Work item
Return the entries in full, exactly as they were written.

[Saved data entries]
text \<open>Writing \<open>y = x z\<close> pointwise turns the pair weight into a Gibbs weight with the
  couplings \<open>\<lambda> (1 + z\<^sub>e)\<close>.\<close>
lemma sum_pairs_spin_prod_eq:
  fixes lam :: real
  assumes E: "\<forall>e\<in>E. e \<subseteq> V" and A: "A \<subseteq> V" and B: "B \<subseteq> V"
  defines "w \<equiv> \<lambda>x. exp (ising_energy E lam x)"
  shows "(\<Sum>x\<in>configs V. \<Sum>y\<in>configs V.
      (spin_prod A x - spin_prod A y) * (spin_prod B x - spin_prod B y) * w x * w y)
    = (\<Sum>z\<in>configs V. (1 - spin_prod A z) * (1 - spin_prod B z) * (\<Sum>x\<in>configs V.
        spin_prod A x * spin_prod B x * exp (\<Sum>e\<in>E. lam * (1 + spin_prod e z) * spin_prod e x)))"
proof -
  let ?a = "spin_prod A" and ?b = "spin_prod B"
  let ?G = "\<lambda>z x. ?a x * ?b x * exp (\<Sum>e\<in>E. lam * (1 + spin_prod e z) * spin_prod e x)"
  have pair: "(?a x - ?a (spin_flip V x z)) * (?b x - ?b (spin_flip V x z)) * w x * w (spin_flip V x z)
      = (1 - ?a z) * (1 - ?b z) * ?G z x" for x z
  proof -
    have weight: "w x * w (spin_flip V x z) = exp (\<Sum>e\<in>E. lam * (1 + spin_prod e z) * spin_prod e x)"
      unfolding w_def ising_energy_spin_prod exp_add[symmetric] sum.distrib[symmetric]
      using E by (intro arg_cong[where f=exp] sum.cong) (auto simp: spin_prod_spin_flip algebra_simps)
    have "?a (spin_flip V x z) = ?a x * ?a z" "?b (spin_flip V x z) = ?b x * ?b z"
      using A B by (simp_all add: spin_prod_spin_flip)
    then have "(?a x - ?a (spin_flip V x z)) * (?b x - ?b (spin_flip V x z)) * w x * w (spin_flip V x z)
        = (1 - ?a z) * (1 - ?b z) * (?a x * ?b x) * (w x * w (spin_flip V x z))"
      by (simp add: algebra_simps)
    then show ?thesis
      unfolding weight by (simp add: mult.assoc)
  qed
  have "(\<Sum>x\<in>configs V. \<Sum>y\<in>configs V. (?a x - ?a y) * (?b x - ?b y) * w x * w y)
      = (\<Sum>x\<in>configs V. \<Sum>z\<in>configs V. (1 - ?a z) * (1 - ?b z) * ?G z x)"
  proof (rule sum.cong[OF refl])
    fix x assume x: "x \<in> configs V"
    show "(\<Sum>y\<in>configs V. (?a x - ?a y) * (?b x - ?b y) * w x * w y)
        = (\<Sum>z\<in>configs V. (1 - ?a z) * (1 - ?b z) * ?G z x)"
      by (subst sum_configs_spin_flip[OF x]) (rule sum.cong[OF refl pair])
  qed
  then show ?thesis
    by (subst (asm) sum.swap) (simp add: sum_distrib_left)
qed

Result
text \<open>Writing \<open>y = x z\<close> pointwise turns the pair weight into a Gibbs weight with the
  couplings \<open>\<lambda> (1 + z\<^sub>e)\<close>.\<close>
lemma sum_pairs_spin_prod_eq:
  fixes lam :: real
  assumes E: "\<forall>e\<in>E. e \<subseteq> V" and A: "A \<subseteq> V" and B: "B \<subseteq> V"
  defines "w \<equiv> \<lambda>x. exp (ising_energy E lam x)"
  shows "(\<Sum>x\<in>configs V. \<Sum>y\<in>configs V.
      (spin_prod A x - spin_prod A y) * (spin_prod B x - spin_prod B y) * w x * w y)
    = (\<Sum>z\<in>configs V. (1 - spin_prod A z) * (1 - spin_prod B z) * (\<Sum>x\<in>configs V.
        spin_prod A x * spin_prod B x * exp (\<Sum>e\<in>E. lam * (1 + spin_prod e z) * spin_prod e x)))"
proof -
  let ?a = "spin_prod A" and ?b = "spin_prod B"
  let ?G = "\<lambda>z x. ?a x * ?b x * exp (\<Sum>e\<in>E. lam * (1 + spin_prod e z) * spin_prod e x)"
  have pair: "(?a x - ?a (spin_flip V x z)) * (?b x - ?b (spin_flip V x z)) * w x * w (spin_flip V x z)
      = (1 - ?a z) * (1 - ?b z) * ?G z x" for x z
  proof -
    have weight: "w x * w (spin_flip V x z) = exp (\<Sum>e\<in>E. lam * (1 + spin_prod e z) * spin_prod e x)"
      unfolding w_def ising_energy_spin_prod exp_add[symmetric] sum.distrib[symmetric]
      using E by (intro arg_cong[where f=exp] sum.cong) (auto simp: spin_prod_spin_flip algebra_simps)
    have "?a (spin_flip V x z) = ?a x * ?a z" "?b (spin_flip V x z) = ?b x * ?b z"
      using A B by (simp_all add: spin_prod_spin_flip)
    then have "(?a x - ?a (spin_flip V x z)) * (?b x - ?b (spin_flip V x z)) * w x * w (spin_flip V x z)
        = (1 - ?a z) * (1 - ?b z) * (?a x * ?b x) * (w x * w (spin_flip V x z))"
      by (simp add: algebra_simps)
    then show ?thesis
      unfolding weight by (simp add: mult.assoc)
  qed
  have "(\<Sum>x\<in>configs V. \<Sum>y\<in>configs V. (?a x - ?a y) * (?b x - ?b y) * w x * w y)
      = (\<Sum>x\<in>configs V. \<Sum>z\<in>configs V. (1 - ?a z) * (1 - ?b z) * ?G z x)"
  proof (rule sum.cong[OF refl])
    fix x assume x: "x \<in> configs V"
    show "(\<Sum>y\<in>configs V. (?a x - ?a y) * (?b x - ?b y) * w x * w y)
        = (\<Sum>z\<in>configs V. (1 - ?a z) * (1 - ?b z) * ?G z x)"
      by (subst sum_configs_spin_flip[OF x]) (rule sum.cong[OF refl pair])
  qed
  then show ?thesis
    by (subst (asm) sum.swap) (simp add: sum_distrib_left)
qed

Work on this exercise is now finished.